* **The task**
In the material below, find each line with the string "where" and copy it.

* **Input**
------------
lemma abs_tendsto_zero_along_unit_sines:
  assumes "(\<lambda>n. b n * sin (real n * x)) \<longlonglongrightarrow> 0" "strict_mono r"
    and "\<And>j. \<bar>sin (real (r j) * x)\<bar> = 1"
  shows "(\<lambda>j. \<bar>b (r j)\<bar>) \<longlonglongrightarrow> 0"
proof -
  have "(\<lambda>j. \<bar>b (r j) * sin (real (r j) * x)\<bar>) \<longlonglongrightarrow> 0"
    using tendsto_rabs_zero[OF LIMSEQ_subseq_LIMSEQ[OF assms(1,2)]] by (simp add: o_def)
  then show ?thesis
    by (simp add: abs_mult assms(3))
qed

lemma abs_sin_odd_mult_pi_half: "\<bar>sin (real (2*j + 1) * (pi/2))\<bar> = 1"
proof -
  have "sin (real (2*j + 1) * (pi/2)) = sin (real j * pi + pi/2)"
    by (simp add: algebra_simps)
  also have "\<dots> = (-1) ^ j"
    by (simp add: sin_add)
  finally show ?thesis
    by (simp add: power_abs)
qed

lemma uniformly_convergent_on_imp_continuous_lim:
  fixes f :: "nat \<Rightarrow> 'a::topological_space \<Rightarrow> 'b::metric_space"
  assumes "uniformly_convergent_on S f" and "\<And>N. continuous_on S (f N)"
  shows "(\<forall>x\<in>S. convergent (\<lambda>N. f N x)) \<and> continuous_on S (\<lambda>x. lim (\<lambda>N. f N x))"
proof -
  obtain l where l: "uniform_limit S f l sequentially"
    using assms(1) unfolding uniformly_convergent_on_def by blast
  then have pointwise: "(\<lambda>N. f N x) \<longlonglongrightarrow> l x" if "x \<in> S" for x
    using that by (rule tendsto_uniform_limitI)
  have "continuous_on S l"
    using assms(2) by (intro uniform_limit_theorem[OF _ l]) auto
  then have "continuous_on S (\<lambda>x. lim (\<lambda>N. f N x))"
    by (rule continuous_on_eq) (simp add: limI[OF pointwise])
  with pointwise show ?thesis
    by (auto simp: convergent_def)
qed

section \<open>Real sequences of bounded dyadic variation\<close>

lemma filterlim_add_div_2_at_top: "filterlim (\<lambda>n::nat. (n + c) div 2) at_top sequentially"
  unfolding filterlim_at_top eventually_sequentially
proof
  fix Z :: nat
  show "\<exists>N. \<forall>n\<ge>N. Z \<le> (n + c) div 2"
    by (intro exI[of _ "2 * Z"]) auto
qed

(* Only the variation condition of NBVS. *)
locale nbvs_real =
  fixes b :: "nat \<Rightarrow> real" and K :: real
  assumes K_nonneg: "0 \<le> K"
    and block_variation_le:
      "\<And>m. 1 \<le> m \<Longrightarrow> (\<Sum>n=m..2*m. \<bar>b n - b (Suc n)\<bar>) \<le> K * (\<bar>b m\<bar> + \<bar>b (2*m)\<bar>)"

lemma NBVS_of_real_imp_nbvs_real:
  assumes "NBVS (\<lambda>n. complex_of_real (b n))"
  obtains K where "nbvs_real b K"
proof -
  have "norm (complex_of_real u - complex_of_real v) = \<bar>u - v\<bar>" for u v
    by (simp flip: of_real_diff)
  with assms obtain K where "K > 0"
    and "\<forall>m\<ge>1. (\<Sum>n=m..2*m. \<bar>b n - b (Suc n)\<bar>) \<le> K * (\<bar>b m\<bar> + \<bar>b (2*m)\<bar>)"
    unfolding NBVS_def by auto
  then show ?thesis
    by (intro that[of K]) (simp add: nbvs_real_def)
qed

context nbvs_real
begin

lemma tail_variation_le:
  assumes "1 \<le> A" and small: "\<And>n. A \<le> n \<Longrightarrow> \<bar>b n\<bar> \<le> e / real n"
  shows "(\<Sum>n=A..<q. \<bar>b n - b (Suc n)\<bar>) \<le> 3 * K * e / A"
proof -
  have "0 \<le> e / real A"
    using small[of A] by (meson abs_ge_zero order_trans le_refl)
  then have "0 \<le> e"
    using assms(1) by (simp add: zero_le_divide_iff)
  have block: "(\<Sum>n=m..<2*m. \<bar>b n - b (Suc n)\<bar>) \<le> 3*K*e/m - 3*K*e/(2*m)" if "A \<le> m" for m
  proof -
    have "(\<Sum>n=m..<2*m. \<bar>b n - b (Suc n)\<bar>) \<le> (\<Sum>n=m..2*m. \<bar>b n - b (Suc n)\<bar>)"
      by (rule sum_mono2) auto
    also have "\<dots> \<le> K * (\<bar>b m\<bar> + \<bar>b (2*m)\<bar>)"
      using that assms(1) by (intro block_variation_le) simp
    also have "\<dots> \<le> K * (e / m + e / (2*m))"
      using small[of m] small[of "2*m"] that K_nonneg by (intro mult_left_mono add_mono) auto
    also have "\<dots> = 3*K*e/m - 3*K*e/(2*m)"
      by (simp add: field_simps)
    finally show ?thesis .
  qed
  have dyadic: "(\<Sum>n=A..<2^J*A. \<bar>b n - b (Suc n)\<bar>) \<le> 3*K*e/A - 3*K*e/(2^J*A)" for J
  proof (induction J)
    case (Suc J)
    let ?m = "2^J*A"
    have "(\<Sum>n=A..<2^Suc J*A. \<bar>b n - b (Suc n)\<bar>)
            = (\<Sum>n=A..<?m. \<bar>b n - b (Suc n)\<bar>) + (\<Sum>n=?m..<2*?m. \<bar>b n - b (Suc n)\<bar>)"
      by (simp add: sum.atLeastLessThan_concat mult.assoc)
    also have "\<dots> \<le> (3*K*e/A - 3*K*e/(2^J*A)) + (3*K*e/?m - 3*K*e/(2*?m))"
      by (rule add_mono[OF Suc.IH block]) simp
    also have "\<dots> = 3*K*e/A - 3*K*e/(2^Suc J*A)"
      by (simp add: mult_ac)
    finally show ?case .
  qed simp
  have "q \<le> 2^q*A"
    using less_exp[of q] assms(1) by (metis le_trans less_imp_le mult_le_mono2 nat_mult_1_right mult.commute)
  then have "(\<Sum>n=A..<q. \<bar>b n - b (Suc n)\<bar>) \<le> (\<Sum>n=A..<2^q*A. \<bar>b n - b (Suc n)\<bar>)"
    by (intro sum_mono2) auto
  moreover have "0 \<le> 3*K*e/(2^q*A)"
    using K_nonneg \<open>0 \<le> e\<close> by simp
  ultimately show ?thesis
    using dyadic[of q] by linarith
qed

lemma abs_sum_sin_series_high_le:
  assumes "1 \<le> real p * \<bar>sin (x/2)\<bar>" "0 \<le> e"
    and small: "\<And>n. p \<le> n \<Longrightarrow> \<bar>b n\<bar> \<le> e / real n"
  shows "\<bar>\<Sum>n=p..q. b n * sin (real n * x)\<bar> \<le> (3*K + 1) * e"
proof (cases "p \<le> q")
  case True
  define s where "s = \<bar>sin (x/2)\<bar>"
  have "p \<ge> 1"
    using assms(1) by (cases p) auto
  have "s > 0" "1 / s \<le> real p"
    using assms(1) by (auto simp: s_def divide_le_eq mult.commute intro: ccontr)
  have "\<bar>\<Sum>n=p..q. b n * sin (real n * x)\<bar> \<le> 1/s * (\<bar>b q\<bar> + (\<Sum>n=p..<q. \<bar>b n - b (Suc n)\<bar>))"
    by (rule abs_sum_mult_le_Abel[OF True]) (use abs_sum_sin_le_inverse_sin_half \<open>s > 0\<close> in \<open>auto simp: s_def\<close>)
  also have "\<dots> \<le> 1/s * (e / p + 3 * K * e / p)"
  proof -
    have "\<bar>b q\<bar> \<le> e / q"
      using small True by blast
    also have "\<dots> \<le> e / p"
      using True \<open>p \<ge> 1\<close> \<open>0 \<le> e\<close> by (intro divide_left_mono) auto
    finally have "\<bar>b q\<bar> \<le> e / p" .
    moreover have "(\<Sum>n=p..<q. \<bar>b n - b (Suc n)\<bar>) \<le> 3 * K * e / p"
      using tail_variation_le \<open>p \<ge> 1\<close> small by blast
    ultimately show ?thesis
      using \<open>s > 0\<close> by (intro mult_left_mono) auto
  qed
  also have "\<dots> = (3*K + 1) * e * (1/s / p)"
    using \<open>p \<ge> 1\<close> \<open>s > 0\<close> by (simp add: field_simps)
  also have "\<dots> \<le> (3*K + 1) * e"
    using \<open>1 / s \<le> real p\<close> \<open>p \<ge> 1\<close> \<open>s > 0\<close> K_nonneg \<open>0 \<le> e\<close>
    by (intro mult_left_le) (auto simp: field_simps)
  finally show ?thesis .
qed (use K_nonneg assms(2) in simp)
------------
* **Answer box**
  obtain l where l: "uniform_limit S f l sequentially"
  obtains K where "nbvs_real b K"
  with assms obtain K where "K > 0"
  define s where "s = \<bar>sin (x/2)\<bar>"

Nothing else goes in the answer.